Records for the exercise
-.-.-

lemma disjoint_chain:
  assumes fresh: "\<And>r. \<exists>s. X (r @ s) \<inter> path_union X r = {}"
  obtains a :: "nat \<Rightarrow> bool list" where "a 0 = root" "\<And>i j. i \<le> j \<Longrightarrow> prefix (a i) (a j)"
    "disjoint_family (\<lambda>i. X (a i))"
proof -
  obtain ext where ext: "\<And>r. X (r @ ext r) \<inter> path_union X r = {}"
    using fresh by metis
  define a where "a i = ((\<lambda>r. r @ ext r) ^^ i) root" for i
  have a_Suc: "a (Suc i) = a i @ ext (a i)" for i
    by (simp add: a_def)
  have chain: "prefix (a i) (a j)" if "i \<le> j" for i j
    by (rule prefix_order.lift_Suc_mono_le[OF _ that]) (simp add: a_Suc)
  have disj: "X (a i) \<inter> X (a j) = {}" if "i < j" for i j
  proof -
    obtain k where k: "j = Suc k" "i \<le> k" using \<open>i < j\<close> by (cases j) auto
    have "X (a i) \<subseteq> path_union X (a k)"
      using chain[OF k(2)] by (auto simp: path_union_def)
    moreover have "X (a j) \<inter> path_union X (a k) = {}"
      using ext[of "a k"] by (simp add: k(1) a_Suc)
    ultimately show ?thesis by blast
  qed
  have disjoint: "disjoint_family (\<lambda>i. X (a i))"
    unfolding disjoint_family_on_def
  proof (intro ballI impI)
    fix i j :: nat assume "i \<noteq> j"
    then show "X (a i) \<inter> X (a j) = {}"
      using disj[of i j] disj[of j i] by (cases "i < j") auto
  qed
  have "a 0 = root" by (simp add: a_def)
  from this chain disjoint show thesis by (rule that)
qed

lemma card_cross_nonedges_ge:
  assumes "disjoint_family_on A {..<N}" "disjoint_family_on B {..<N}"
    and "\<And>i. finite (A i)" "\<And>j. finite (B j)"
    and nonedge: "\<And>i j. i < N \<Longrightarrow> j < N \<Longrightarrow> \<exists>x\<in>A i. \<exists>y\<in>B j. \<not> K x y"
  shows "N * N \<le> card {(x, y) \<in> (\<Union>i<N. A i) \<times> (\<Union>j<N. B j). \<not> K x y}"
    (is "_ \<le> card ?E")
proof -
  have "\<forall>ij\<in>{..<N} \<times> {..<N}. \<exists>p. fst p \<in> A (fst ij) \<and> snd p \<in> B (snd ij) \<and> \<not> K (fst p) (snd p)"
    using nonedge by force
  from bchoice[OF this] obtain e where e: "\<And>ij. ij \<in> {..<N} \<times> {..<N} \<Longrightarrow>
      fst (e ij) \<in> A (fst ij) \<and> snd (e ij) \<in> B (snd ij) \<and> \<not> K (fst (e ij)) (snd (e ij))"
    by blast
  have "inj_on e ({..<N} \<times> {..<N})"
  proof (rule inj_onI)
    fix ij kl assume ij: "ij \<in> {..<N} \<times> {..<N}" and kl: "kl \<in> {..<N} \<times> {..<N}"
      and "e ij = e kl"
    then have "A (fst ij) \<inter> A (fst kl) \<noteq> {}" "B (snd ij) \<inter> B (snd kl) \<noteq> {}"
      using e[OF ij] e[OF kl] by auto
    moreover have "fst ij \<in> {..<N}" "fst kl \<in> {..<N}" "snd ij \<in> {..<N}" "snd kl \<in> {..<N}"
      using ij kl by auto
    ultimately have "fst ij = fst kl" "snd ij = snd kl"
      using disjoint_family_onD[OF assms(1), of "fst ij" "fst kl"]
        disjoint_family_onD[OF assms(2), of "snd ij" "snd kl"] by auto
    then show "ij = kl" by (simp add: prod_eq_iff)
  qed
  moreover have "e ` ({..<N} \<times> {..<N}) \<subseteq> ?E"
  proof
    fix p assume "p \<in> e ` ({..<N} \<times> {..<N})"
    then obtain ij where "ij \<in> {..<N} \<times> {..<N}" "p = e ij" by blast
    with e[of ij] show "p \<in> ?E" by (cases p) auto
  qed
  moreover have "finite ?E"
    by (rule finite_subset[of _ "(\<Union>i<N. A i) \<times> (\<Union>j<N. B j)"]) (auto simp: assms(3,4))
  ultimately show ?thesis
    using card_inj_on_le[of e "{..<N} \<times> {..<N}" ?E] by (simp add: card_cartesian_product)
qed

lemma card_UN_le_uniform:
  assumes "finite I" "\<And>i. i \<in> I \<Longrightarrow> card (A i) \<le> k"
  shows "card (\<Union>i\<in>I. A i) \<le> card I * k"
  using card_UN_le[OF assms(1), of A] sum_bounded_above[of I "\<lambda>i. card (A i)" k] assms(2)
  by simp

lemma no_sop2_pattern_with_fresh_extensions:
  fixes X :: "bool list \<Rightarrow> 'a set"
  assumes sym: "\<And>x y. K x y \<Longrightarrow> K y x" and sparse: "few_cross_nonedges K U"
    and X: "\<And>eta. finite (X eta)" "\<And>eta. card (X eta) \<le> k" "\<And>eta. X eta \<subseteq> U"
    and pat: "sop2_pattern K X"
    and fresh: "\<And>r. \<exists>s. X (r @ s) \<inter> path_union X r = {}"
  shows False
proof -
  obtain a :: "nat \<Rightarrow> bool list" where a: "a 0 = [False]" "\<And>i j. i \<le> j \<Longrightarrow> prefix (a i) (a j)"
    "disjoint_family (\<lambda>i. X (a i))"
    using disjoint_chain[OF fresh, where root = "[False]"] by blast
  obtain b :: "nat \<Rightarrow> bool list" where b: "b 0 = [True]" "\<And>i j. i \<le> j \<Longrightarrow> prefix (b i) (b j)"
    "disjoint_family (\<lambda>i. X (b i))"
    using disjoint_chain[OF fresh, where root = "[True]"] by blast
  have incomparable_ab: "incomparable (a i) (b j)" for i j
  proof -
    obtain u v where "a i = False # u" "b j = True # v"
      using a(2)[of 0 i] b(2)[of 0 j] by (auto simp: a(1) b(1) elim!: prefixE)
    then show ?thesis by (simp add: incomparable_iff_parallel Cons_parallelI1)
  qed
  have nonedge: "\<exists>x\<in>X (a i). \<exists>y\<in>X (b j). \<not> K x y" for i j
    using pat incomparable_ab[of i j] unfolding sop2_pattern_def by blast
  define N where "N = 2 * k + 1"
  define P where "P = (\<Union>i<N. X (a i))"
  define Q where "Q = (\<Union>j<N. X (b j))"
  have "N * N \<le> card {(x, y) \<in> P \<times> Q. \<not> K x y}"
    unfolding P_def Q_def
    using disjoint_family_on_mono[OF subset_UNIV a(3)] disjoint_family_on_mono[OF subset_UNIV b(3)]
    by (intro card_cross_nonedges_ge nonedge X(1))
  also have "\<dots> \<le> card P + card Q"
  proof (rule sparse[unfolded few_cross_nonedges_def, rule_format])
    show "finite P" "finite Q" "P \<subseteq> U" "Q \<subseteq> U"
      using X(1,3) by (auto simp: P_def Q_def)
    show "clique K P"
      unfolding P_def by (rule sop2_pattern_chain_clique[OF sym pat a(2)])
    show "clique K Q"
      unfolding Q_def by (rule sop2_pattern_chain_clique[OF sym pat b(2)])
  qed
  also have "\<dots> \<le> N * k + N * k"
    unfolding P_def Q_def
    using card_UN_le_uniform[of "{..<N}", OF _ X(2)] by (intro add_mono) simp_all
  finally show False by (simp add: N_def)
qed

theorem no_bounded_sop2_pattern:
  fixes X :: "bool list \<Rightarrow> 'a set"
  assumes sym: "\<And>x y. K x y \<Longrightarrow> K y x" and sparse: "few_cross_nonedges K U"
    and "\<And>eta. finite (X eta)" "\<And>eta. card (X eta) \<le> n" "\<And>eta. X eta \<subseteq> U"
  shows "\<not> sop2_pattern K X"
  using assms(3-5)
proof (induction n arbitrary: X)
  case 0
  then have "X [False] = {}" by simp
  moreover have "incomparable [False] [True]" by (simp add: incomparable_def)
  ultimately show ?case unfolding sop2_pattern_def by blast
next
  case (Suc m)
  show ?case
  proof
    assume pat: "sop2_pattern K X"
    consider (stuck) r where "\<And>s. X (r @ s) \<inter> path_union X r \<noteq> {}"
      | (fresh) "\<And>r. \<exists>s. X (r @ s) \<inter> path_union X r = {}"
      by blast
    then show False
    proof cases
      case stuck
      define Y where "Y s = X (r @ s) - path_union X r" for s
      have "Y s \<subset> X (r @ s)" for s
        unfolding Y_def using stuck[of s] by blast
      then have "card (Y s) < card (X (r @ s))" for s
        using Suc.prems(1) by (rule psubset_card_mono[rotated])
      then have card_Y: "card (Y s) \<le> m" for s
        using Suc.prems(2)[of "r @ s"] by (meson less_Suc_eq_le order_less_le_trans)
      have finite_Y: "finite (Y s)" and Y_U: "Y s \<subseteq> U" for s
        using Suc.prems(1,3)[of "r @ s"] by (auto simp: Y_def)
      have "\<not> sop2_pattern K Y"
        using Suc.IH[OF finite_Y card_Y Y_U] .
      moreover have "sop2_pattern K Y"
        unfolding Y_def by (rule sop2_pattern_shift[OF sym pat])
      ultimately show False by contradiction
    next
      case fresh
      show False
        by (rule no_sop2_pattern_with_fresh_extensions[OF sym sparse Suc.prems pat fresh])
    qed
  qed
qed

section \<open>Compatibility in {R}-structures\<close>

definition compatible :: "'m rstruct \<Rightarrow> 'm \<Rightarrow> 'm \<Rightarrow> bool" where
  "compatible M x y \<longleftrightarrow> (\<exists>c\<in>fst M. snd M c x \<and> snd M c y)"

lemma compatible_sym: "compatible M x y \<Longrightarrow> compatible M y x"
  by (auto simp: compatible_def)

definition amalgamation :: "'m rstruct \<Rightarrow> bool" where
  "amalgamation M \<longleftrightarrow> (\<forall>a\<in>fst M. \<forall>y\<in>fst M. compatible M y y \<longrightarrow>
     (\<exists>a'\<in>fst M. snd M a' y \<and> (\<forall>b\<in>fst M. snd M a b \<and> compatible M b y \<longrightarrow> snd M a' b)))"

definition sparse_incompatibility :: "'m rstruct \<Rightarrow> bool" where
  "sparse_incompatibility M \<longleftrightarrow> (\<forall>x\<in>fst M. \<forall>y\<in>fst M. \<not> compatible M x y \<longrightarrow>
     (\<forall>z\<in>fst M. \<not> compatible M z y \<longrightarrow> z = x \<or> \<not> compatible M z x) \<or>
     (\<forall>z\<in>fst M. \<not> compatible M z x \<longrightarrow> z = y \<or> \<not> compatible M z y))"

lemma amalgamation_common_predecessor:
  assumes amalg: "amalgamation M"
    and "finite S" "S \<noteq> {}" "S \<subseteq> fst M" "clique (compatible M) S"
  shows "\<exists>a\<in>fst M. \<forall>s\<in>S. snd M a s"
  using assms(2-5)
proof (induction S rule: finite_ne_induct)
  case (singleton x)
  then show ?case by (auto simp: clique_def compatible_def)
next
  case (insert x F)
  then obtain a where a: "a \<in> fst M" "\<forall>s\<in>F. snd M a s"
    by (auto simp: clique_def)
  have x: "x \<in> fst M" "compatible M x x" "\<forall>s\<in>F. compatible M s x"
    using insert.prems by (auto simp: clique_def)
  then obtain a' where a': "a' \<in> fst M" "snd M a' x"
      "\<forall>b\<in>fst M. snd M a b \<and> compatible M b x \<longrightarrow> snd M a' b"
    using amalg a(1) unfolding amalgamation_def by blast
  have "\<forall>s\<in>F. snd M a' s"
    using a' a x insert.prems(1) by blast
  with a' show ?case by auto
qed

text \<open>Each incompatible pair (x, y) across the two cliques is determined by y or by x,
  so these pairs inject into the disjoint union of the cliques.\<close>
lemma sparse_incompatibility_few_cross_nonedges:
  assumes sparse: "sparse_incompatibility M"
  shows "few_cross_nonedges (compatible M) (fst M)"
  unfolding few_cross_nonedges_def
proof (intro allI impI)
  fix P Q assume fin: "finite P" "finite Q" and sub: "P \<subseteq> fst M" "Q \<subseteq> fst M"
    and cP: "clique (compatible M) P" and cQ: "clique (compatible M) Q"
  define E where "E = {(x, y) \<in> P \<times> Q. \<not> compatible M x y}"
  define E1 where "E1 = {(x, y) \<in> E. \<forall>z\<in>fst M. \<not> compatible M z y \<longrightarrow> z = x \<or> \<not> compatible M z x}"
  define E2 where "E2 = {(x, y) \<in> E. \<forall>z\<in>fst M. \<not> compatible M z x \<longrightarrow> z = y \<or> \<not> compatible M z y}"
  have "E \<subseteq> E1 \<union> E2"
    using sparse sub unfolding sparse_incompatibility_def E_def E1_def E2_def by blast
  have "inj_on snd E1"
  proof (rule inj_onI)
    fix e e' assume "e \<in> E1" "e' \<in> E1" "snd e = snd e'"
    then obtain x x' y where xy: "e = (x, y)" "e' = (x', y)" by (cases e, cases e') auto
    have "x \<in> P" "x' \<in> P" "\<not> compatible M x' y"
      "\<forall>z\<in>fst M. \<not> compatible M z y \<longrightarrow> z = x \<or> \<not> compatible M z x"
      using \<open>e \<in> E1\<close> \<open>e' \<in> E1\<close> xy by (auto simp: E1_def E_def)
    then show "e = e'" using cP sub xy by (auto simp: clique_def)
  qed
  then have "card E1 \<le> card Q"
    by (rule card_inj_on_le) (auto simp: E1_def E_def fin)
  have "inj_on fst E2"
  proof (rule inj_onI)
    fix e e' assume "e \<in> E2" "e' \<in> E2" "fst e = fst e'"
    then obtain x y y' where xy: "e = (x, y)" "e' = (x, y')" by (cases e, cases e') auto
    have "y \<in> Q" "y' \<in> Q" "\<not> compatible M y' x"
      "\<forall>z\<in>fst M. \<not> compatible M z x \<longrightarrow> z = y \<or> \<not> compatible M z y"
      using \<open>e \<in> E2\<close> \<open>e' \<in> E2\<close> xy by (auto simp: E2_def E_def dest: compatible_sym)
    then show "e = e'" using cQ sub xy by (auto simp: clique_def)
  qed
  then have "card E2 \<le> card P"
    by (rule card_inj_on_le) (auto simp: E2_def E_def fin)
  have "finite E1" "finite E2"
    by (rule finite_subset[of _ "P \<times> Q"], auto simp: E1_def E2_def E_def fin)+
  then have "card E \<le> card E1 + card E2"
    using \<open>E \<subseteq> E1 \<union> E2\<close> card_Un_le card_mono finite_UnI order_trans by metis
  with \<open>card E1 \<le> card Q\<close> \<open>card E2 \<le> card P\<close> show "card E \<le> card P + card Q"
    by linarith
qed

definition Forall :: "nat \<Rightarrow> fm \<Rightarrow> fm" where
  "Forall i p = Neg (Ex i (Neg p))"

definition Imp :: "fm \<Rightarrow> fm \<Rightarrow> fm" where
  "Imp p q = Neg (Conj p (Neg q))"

-.-.-

What is required
Please reply with an exact copy of the lines above, starting at the first and ending at the line that holds "obtain k where".

Response to the exercise
lemma disjoint_chain:
  assumes fresh: "\<And>r. \<exists>s. X (r @ s) \<inter> path_union X r = {}"
  obtains a :: "nat \<Rightarrow> bool list" where "a 0 = root" "\<And>i j. i \<le> j \<Longrightarrow> prefix (a i) (a j)"
    "disjoint_family (\<lambda>i. X (a i))"
proof -
  obtain ext where ext: "\<And>r. X (r @ ext r) \<inter> path_union X r = {}"
    using fresh by metis
  define a where "a i = ((\<lambda>r. r @ ext r) ^^ i) root" for i
  have a_Suc: "a (Suc i) = a i @ ext (a i)" for i
    by (simp add: a_def)
  have chain: "prefix (a i) (a j)" if "i \<le> j" for i j
    by (rule prefix_order.lift_Suc_mono_le[OF _ that]) (simp add: a_Suc)
  have disj: "X (a i) \<inter> X (a j) = {}" if "i < j" for i j
  proof -
    obtain k where k: "j = Suc k" "i \<le> k" using \<open>i < j\<close> by (cases j) auto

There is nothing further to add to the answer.